(Supplied records Opens)

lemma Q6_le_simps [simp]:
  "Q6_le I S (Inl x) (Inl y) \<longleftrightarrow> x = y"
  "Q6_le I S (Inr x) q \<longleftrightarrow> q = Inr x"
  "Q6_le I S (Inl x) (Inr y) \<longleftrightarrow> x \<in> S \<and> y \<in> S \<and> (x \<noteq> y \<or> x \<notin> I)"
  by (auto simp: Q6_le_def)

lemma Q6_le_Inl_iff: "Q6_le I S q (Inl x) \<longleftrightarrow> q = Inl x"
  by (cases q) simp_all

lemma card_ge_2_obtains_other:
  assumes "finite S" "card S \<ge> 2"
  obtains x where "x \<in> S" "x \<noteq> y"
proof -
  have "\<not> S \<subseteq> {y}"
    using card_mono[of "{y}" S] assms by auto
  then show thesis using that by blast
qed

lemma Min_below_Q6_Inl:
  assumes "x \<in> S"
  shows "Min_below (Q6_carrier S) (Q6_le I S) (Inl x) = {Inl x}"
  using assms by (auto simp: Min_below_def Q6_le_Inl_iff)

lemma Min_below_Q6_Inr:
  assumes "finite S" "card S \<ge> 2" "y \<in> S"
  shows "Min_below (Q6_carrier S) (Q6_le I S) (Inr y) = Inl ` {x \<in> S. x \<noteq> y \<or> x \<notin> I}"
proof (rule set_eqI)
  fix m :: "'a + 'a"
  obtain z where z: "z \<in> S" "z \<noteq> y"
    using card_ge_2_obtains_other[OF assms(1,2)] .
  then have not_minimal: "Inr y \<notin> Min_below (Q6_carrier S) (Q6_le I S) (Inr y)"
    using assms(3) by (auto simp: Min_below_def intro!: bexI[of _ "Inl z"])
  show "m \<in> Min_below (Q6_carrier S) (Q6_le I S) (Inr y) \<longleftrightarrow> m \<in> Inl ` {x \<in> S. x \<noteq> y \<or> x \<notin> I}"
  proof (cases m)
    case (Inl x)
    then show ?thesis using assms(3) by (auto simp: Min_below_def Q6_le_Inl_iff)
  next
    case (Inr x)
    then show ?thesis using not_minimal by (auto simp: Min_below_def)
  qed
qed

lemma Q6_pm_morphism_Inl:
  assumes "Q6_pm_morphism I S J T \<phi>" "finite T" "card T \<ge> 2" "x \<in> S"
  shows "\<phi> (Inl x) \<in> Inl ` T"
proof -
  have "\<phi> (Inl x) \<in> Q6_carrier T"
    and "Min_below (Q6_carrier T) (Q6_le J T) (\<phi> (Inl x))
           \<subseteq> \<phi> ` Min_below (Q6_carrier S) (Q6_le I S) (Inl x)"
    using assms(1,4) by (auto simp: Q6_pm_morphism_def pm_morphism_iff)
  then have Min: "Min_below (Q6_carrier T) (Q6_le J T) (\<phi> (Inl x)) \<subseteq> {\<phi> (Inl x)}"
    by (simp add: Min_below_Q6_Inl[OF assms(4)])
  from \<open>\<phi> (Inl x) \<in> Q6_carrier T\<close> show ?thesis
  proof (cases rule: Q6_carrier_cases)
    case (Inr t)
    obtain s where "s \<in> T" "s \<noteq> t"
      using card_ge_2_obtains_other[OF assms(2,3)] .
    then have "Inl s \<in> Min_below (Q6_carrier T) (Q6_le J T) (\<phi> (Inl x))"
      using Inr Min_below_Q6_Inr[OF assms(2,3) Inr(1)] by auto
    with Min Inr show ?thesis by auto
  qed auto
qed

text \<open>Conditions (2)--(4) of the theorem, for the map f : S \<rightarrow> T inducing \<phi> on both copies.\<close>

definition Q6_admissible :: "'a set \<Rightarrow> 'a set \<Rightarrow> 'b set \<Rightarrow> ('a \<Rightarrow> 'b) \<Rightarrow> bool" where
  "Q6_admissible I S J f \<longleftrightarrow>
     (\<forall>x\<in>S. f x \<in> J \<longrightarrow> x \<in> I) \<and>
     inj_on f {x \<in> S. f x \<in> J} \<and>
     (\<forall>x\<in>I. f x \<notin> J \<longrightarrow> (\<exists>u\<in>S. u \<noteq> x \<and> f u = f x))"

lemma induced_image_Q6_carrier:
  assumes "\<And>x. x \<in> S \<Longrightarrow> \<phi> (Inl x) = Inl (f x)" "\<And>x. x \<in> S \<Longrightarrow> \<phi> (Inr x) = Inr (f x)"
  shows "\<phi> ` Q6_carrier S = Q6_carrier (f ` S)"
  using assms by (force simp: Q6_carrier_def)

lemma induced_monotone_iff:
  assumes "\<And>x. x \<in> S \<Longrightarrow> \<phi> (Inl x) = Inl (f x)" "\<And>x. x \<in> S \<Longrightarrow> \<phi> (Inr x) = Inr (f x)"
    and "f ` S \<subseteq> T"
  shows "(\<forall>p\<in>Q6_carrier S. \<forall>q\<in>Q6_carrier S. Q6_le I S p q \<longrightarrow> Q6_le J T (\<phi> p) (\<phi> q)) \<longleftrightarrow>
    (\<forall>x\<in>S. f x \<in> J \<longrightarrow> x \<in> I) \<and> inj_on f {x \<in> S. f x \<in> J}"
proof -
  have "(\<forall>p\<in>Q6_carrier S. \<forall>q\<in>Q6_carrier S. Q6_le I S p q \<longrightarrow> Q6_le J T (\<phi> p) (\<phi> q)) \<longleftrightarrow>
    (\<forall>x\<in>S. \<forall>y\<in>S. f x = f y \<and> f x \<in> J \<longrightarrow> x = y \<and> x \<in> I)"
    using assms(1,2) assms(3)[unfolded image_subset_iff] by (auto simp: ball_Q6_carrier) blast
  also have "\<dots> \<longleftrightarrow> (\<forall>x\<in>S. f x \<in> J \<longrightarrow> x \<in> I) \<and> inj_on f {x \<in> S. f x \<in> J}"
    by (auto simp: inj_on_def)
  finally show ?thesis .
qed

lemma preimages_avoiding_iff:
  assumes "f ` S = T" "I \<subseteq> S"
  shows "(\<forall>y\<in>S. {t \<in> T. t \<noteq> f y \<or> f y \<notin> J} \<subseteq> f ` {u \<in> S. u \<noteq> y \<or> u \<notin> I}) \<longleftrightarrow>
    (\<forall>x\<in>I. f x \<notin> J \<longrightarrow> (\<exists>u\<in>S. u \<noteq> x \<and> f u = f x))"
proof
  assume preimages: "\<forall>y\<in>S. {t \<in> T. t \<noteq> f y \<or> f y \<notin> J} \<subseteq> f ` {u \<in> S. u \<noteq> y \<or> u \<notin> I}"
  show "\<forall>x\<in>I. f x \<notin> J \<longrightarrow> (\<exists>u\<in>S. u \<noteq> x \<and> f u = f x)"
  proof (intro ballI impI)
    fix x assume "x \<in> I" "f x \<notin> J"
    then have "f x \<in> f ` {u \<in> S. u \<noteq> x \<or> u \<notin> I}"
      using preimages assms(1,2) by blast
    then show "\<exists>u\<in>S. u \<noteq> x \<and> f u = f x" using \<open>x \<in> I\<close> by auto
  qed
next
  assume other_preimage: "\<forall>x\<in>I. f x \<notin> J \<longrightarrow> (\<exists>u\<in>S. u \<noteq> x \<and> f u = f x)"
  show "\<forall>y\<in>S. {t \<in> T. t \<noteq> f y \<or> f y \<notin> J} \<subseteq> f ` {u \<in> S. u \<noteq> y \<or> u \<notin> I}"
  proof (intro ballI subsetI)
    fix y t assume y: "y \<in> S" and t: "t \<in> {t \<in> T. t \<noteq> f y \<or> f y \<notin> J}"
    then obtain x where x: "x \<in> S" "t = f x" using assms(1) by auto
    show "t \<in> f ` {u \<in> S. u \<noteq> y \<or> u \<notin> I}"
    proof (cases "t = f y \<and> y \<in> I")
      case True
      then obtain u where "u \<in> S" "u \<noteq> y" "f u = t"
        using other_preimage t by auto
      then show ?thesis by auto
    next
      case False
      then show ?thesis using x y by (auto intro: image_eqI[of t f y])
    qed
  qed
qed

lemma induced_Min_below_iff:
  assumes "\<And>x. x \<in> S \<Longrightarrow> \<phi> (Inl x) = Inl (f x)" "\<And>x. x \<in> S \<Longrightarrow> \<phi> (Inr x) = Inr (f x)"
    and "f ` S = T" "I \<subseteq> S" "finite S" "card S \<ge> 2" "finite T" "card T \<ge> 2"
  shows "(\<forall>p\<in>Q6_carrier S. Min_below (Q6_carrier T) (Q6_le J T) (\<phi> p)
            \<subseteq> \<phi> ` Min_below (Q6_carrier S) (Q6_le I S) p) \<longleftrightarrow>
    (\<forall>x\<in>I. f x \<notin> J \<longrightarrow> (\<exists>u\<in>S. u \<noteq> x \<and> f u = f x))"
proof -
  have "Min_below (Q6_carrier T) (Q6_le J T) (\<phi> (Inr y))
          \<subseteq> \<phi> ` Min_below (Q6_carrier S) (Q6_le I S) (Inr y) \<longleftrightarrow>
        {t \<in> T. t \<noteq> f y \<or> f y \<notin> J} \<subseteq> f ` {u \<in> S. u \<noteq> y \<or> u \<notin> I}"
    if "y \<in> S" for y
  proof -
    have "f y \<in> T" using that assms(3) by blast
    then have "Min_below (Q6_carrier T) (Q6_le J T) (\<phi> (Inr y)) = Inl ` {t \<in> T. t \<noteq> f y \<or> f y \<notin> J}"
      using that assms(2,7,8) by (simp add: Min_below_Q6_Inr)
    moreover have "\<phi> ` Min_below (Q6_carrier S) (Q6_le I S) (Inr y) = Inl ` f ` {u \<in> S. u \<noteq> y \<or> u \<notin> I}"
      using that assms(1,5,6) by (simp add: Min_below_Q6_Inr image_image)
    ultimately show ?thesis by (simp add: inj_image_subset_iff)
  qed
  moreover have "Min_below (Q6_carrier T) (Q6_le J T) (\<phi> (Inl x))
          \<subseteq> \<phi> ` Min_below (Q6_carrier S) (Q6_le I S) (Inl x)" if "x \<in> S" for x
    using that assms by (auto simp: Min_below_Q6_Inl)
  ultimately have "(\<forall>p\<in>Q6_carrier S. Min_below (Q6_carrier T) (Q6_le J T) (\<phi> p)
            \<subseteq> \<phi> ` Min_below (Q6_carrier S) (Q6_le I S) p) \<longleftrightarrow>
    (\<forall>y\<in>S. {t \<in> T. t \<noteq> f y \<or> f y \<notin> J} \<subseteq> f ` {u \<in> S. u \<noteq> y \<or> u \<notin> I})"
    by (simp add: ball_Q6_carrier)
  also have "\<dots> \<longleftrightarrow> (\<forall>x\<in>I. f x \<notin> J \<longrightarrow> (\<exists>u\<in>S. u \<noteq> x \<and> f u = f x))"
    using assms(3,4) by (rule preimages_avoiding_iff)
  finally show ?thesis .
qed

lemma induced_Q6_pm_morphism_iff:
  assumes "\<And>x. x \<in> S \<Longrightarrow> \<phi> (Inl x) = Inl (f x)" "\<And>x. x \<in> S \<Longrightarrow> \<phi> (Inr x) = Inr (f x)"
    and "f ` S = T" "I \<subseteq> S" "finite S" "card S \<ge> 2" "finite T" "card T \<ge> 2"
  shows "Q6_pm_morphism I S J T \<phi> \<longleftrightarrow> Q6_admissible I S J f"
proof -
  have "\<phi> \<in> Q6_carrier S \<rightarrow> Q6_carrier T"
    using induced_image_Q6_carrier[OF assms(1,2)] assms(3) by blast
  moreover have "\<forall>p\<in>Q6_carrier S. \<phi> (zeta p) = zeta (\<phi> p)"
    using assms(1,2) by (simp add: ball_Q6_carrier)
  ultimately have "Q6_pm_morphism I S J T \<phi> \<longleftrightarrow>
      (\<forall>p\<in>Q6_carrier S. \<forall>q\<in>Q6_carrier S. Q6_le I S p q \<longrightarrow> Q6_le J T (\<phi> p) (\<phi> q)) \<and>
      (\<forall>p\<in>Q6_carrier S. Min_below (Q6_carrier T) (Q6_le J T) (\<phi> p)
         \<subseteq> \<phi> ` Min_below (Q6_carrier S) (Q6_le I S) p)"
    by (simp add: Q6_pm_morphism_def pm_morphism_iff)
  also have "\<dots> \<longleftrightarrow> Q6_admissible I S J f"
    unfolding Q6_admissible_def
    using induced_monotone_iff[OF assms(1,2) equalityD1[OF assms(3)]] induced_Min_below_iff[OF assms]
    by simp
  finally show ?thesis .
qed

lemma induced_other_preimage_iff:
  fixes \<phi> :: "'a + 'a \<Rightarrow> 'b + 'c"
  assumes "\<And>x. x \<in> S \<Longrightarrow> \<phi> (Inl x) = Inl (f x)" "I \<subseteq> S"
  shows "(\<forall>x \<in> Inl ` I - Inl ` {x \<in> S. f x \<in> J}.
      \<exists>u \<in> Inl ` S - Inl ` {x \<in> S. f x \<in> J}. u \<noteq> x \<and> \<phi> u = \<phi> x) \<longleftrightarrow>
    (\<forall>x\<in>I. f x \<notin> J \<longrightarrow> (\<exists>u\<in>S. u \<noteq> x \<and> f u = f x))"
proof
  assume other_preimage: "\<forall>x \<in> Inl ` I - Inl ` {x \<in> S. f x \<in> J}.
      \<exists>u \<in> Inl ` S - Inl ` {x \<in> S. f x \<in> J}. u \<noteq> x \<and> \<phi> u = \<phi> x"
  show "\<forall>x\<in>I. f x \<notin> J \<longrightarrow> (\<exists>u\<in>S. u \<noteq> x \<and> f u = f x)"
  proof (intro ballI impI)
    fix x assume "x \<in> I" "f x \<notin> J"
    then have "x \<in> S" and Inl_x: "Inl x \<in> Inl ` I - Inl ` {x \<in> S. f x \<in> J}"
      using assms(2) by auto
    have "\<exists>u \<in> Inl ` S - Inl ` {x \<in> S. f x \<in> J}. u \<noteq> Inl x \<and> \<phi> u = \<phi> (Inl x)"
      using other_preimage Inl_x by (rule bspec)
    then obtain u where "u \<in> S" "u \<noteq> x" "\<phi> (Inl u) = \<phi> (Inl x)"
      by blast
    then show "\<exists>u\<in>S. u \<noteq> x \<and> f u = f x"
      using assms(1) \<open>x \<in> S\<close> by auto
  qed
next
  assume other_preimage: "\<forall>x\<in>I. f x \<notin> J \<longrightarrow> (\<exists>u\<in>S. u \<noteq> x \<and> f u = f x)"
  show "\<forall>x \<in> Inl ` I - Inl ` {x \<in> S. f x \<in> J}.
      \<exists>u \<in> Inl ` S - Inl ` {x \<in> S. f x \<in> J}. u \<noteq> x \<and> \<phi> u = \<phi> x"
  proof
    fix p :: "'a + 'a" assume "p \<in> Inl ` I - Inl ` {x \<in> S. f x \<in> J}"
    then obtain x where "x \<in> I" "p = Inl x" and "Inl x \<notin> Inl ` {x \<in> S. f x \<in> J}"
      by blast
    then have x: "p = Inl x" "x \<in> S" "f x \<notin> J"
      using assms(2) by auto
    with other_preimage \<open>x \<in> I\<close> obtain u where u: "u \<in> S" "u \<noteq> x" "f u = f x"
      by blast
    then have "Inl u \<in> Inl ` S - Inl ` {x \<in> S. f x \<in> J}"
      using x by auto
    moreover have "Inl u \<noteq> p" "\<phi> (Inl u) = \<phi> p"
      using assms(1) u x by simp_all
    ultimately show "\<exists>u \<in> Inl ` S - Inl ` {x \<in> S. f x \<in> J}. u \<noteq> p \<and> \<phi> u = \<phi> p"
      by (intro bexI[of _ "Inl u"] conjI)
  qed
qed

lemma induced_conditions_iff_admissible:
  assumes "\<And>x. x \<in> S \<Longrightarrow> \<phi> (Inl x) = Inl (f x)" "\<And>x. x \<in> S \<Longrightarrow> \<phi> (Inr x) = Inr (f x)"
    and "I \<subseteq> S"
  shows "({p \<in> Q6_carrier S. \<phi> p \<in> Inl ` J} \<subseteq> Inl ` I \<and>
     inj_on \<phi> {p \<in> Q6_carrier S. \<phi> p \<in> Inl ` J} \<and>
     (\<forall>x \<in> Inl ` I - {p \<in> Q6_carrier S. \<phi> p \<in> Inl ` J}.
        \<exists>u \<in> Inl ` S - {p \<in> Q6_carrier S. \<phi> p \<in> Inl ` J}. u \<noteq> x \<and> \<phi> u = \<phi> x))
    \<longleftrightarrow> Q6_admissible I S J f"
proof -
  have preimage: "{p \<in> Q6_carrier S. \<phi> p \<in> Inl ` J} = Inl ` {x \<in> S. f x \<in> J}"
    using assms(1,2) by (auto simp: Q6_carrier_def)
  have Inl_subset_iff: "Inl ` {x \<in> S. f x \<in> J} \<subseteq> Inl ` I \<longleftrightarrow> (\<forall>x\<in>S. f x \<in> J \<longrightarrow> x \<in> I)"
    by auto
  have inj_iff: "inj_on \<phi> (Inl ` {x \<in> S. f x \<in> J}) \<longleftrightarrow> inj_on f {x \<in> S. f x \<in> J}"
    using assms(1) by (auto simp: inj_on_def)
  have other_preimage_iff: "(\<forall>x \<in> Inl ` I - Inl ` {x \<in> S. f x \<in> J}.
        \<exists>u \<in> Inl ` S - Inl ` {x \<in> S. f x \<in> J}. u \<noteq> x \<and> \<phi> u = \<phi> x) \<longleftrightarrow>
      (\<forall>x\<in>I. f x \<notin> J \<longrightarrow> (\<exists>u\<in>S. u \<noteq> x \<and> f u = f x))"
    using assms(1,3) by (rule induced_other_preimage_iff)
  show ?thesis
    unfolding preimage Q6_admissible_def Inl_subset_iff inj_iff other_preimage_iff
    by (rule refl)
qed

(Supplied records Closes)
(Supplied records Opens)

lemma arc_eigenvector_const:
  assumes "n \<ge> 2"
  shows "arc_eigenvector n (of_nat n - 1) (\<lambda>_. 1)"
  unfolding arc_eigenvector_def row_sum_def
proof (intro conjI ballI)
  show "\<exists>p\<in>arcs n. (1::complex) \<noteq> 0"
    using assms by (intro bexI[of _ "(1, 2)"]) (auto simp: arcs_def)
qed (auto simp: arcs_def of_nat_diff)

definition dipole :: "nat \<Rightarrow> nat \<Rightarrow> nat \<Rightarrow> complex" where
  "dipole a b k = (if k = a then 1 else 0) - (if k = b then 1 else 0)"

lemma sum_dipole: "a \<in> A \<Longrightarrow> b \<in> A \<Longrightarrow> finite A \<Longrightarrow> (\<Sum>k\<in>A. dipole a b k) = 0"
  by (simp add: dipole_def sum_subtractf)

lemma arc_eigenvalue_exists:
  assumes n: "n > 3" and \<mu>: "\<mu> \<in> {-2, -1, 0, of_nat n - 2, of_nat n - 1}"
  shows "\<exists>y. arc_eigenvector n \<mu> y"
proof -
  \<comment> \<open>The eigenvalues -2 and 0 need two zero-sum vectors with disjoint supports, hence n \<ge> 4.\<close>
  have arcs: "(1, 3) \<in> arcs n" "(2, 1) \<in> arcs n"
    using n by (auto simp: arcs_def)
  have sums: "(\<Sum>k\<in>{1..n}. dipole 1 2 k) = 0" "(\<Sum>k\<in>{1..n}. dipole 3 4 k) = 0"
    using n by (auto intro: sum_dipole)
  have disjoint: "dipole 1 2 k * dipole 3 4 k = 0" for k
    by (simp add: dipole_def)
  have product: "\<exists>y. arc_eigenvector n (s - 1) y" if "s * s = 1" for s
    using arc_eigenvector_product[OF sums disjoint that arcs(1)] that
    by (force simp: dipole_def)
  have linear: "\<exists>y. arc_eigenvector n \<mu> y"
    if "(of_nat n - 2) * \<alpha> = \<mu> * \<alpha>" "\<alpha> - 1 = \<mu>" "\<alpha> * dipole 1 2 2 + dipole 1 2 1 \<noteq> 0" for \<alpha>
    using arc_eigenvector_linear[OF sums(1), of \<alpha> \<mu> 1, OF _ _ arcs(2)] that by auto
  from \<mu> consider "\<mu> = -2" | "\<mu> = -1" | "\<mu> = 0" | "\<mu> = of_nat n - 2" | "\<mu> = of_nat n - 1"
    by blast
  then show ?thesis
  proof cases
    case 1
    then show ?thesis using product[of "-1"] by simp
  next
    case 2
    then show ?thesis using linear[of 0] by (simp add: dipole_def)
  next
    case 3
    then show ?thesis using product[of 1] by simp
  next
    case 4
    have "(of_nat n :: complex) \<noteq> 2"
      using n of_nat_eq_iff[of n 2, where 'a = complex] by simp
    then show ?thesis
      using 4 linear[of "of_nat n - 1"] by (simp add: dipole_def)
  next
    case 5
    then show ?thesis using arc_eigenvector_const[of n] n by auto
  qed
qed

(Supplied records Closes)
(Supplied records Opens)

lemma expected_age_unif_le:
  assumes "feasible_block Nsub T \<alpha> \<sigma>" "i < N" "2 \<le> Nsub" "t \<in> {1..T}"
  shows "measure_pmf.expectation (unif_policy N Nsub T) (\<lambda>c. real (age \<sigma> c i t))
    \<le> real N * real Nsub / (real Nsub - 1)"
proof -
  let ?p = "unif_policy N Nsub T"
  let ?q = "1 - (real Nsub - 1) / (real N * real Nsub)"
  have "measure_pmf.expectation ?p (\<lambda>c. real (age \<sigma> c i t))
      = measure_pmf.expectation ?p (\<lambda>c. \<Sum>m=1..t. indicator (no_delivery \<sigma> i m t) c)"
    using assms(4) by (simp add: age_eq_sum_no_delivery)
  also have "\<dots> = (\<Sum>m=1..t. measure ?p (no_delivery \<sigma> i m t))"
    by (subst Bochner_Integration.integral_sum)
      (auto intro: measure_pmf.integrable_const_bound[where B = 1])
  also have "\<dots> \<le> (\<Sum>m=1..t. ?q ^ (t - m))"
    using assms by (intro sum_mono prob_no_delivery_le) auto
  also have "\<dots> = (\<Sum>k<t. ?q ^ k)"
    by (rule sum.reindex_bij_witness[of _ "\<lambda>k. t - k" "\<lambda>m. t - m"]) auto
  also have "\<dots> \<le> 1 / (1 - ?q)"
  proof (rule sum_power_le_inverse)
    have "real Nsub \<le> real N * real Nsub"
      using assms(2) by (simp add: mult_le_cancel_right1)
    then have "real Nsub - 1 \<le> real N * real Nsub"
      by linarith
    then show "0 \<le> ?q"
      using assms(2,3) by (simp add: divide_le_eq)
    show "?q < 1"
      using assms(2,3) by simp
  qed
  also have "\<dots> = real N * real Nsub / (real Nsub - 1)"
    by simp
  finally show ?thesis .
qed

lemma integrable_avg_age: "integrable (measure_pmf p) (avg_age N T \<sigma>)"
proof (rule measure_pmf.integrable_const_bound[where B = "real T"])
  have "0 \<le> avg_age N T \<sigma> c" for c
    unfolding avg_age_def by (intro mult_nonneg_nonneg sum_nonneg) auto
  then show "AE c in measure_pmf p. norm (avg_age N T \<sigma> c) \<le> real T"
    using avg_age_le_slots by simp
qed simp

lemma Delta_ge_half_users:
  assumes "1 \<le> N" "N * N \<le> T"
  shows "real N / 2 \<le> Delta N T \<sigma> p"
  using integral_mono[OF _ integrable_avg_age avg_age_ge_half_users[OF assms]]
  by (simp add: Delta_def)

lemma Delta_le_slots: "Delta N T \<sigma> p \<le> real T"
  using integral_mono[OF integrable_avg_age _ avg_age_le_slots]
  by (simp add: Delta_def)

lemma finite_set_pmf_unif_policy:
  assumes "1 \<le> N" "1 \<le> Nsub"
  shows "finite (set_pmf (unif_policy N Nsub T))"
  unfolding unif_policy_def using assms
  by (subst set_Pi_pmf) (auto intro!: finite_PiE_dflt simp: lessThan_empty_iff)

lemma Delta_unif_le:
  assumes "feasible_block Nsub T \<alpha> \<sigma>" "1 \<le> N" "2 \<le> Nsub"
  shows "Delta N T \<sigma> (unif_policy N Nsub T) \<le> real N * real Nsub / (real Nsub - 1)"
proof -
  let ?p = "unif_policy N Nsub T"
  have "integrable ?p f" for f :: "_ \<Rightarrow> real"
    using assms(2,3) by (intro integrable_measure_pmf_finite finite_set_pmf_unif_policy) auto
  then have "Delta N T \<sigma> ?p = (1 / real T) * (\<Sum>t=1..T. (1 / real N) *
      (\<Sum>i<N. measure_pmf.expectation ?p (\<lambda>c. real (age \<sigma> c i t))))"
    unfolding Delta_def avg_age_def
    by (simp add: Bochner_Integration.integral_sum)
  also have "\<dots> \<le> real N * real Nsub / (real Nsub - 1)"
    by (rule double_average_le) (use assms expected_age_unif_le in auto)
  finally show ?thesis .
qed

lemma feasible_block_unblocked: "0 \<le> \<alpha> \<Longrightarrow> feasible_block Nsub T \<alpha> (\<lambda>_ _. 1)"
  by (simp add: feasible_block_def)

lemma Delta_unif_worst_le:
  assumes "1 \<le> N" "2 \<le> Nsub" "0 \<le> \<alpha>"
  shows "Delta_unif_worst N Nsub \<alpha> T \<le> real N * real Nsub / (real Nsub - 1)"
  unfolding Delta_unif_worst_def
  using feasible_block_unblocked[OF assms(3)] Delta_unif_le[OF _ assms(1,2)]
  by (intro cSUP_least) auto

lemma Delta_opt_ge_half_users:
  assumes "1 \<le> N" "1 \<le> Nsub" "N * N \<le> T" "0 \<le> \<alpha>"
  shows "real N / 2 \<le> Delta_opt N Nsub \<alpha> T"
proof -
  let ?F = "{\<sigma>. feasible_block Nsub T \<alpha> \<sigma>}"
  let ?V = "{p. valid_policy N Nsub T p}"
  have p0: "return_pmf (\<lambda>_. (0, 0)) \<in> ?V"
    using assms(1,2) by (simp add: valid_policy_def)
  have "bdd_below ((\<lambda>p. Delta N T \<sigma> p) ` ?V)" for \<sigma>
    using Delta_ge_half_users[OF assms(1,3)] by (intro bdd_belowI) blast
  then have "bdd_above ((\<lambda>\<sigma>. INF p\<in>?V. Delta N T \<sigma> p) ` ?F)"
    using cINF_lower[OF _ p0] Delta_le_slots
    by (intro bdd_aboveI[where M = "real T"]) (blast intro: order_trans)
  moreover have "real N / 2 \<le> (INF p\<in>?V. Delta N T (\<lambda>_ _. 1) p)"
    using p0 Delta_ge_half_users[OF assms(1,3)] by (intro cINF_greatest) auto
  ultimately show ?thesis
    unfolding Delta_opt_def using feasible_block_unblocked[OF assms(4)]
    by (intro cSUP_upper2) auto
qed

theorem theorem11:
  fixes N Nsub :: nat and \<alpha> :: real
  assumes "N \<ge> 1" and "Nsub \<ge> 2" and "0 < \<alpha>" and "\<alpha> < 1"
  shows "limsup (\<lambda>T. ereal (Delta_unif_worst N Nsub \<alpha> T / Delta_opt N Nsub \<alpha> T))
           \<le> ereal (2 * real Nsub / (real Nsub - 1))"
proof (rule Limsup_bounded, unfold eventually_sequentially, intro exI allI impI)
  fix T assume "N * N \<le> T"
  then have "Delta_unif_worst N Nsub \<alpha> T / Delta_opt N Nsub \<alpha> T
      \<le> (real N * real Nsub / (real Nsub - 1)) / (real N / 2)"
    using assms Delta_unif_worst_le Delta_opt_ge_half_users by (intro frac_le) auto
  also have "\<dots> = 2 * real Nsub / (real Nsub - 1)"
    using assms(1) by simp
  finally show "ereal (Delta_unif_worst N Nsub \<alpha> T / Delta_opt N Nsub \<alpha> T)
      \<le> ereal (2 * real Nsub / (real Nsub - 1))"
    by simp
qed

(Supplied records Closes)

The task » Find and copy each line above that includes the string "ereal".

Response box »
  shows "limsup (\<lambda>T. ereal (Delta_unif_worst N Nsub \<alpha> T / Delta_opt N Nsub \<alpha> T))
           \<le> ereal (2 * real Nsub / (real Nsub - 1))"
  finally show "ereal (Delta_unif_worst N Nsub \<alpha> T / Delta_opt N Nsub \<alpha> T)
      \<le> ereal (2 * real Nsub / (real Nsub - 1))"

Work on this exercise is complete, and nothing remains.